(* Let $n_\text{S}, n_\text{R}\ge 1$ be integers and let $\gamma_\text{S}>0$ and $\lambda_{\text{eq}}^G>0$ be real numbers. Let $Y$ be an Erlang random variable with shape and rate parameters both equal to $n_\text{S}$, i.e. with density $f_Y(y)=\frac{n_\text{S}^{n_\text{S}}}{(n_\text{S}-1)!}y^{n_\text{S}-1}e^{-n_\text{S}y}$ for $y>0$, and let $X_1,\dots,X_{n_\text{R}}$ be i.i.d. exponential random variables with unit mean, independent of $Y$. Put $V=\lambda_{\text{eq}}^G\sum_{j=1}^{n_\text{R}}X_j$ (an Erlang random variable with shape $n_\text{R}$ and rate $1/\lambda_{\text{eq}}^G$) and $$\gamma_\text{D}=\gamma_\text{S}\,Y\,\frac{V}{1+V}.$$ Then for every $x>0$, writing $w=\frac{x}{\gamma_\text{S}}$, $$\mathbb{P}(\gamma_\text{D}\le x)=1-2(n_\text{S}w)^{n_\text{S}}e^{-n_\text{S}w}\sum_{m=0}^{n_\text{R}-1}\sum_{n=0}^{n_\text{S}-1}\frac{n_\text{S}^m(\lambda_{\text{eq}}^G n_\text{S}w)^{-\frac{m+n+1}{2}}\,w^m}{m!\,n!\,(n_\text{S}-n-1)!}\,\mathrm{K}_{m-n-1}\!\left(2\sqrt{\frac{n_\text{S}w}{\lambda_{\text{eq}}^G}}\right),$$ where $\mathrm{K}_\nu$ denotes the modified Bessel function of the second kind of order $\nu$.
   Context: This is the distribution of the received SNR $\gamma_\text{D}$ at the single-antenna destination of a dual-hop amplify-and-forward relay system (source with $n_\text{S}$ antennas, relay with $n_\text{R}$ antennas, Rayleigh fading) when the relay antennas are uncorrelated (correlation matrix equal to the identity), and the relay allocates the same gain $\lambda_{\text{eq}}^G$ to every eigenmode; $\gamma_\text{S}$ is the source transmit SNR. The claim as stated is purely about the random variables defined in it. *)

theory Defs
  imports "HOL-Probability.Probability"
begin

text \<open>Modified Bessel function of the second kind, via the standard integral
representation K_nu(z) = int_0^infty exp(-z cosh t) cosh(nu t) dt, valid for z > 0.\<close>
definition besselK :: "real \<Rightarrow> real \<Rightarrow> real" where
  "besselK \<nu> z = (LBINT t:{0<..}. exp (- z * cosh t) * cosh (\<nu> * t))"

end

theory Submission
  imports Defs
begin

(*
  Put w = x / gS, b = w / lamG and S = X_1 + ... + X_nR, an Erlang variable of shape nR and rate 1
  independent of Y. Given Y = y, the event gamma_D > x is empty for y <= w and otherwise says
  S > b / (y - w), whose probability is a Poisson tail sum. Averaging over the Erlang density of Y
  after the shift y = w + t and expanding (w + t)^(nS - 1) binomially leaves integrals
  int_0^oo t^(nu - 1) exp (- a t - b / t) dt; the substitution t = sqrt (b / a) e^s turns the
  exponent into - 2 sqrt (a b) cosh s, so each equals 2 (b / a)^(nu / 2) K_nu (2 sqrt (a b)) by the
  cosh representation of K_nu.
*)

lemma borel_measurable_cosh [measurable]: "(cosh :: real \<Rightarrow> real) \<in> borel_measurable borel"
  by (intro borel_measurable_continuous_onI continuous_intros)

········

[WHAT YOU WILL DO]: The answer should consist of every line above in which "where" appears.

[RESPONSE TO THE TASK]:
(* Let $n_\text{S}, n_\text{R}\ge 1$ be integers and let $\gamma_\text{S}>0$ and $\lambda_{\text{eq}}^G>0$ be real numbers. Let $Y$ be an Erlang random variable with shape and rate parameters both equal to $n_\text{S}$, i.e. with density $f_Y(y)=\frac{n_\text{S}^{n_\text{S}}}{(n_\text{S}-1)!}y^{n_\text{S}-1}e^{-n_\text{S}y}$ for $y>0$, and let $X_1,\dots,X_{n_\text{R}}$ be i.i.d. exponential random variables with unit mean, independent of $Y$. Put $V=\lambda_{\text{eq}}^G\sum_{j=1}^{n_\text{R}}X_j$ (an Erlang random variable with shape $n_\text{R}$ and rate $1/\lambda_{\text{eq}}^G$) and $$\gamma_\text{D}=\gamma_\text{S}\,Y\,\frac{V}{1+V}.$$ Then for every $x>0$, writing $w=\frac{x}{\gamma_\text{S}}$, $$\mathbb{P}(\gamma_\text{D}\le x)=1-2(n_\text{S}w)^{n_\text{S}}e^{-n_\text{S}w}\sum_{m=0}^{n_\text{R}-1}\sum_{n=0}^{n_\text{S}-1}\frac{n_\text{S}^m(\lambda_{\text{eq}}^G n_\text{S}w)^{-\frac{m+n+1}{2}}\,w^m}{m!\,n!\,(n_\text{S}-n-1)!}\,\mathrm{K}_{m-n-1}\!\left(2\sqrt{\frac{n_\text{S}w}{\lambda_{\text{eq}}^G}}\right),$$ where $\mathrm{K}_\nu$ denotes the modified Bessel function of the second kind of order $\nu$.
definition besselK :: "real \<Rightarrow> real \<Rightarrow> real" where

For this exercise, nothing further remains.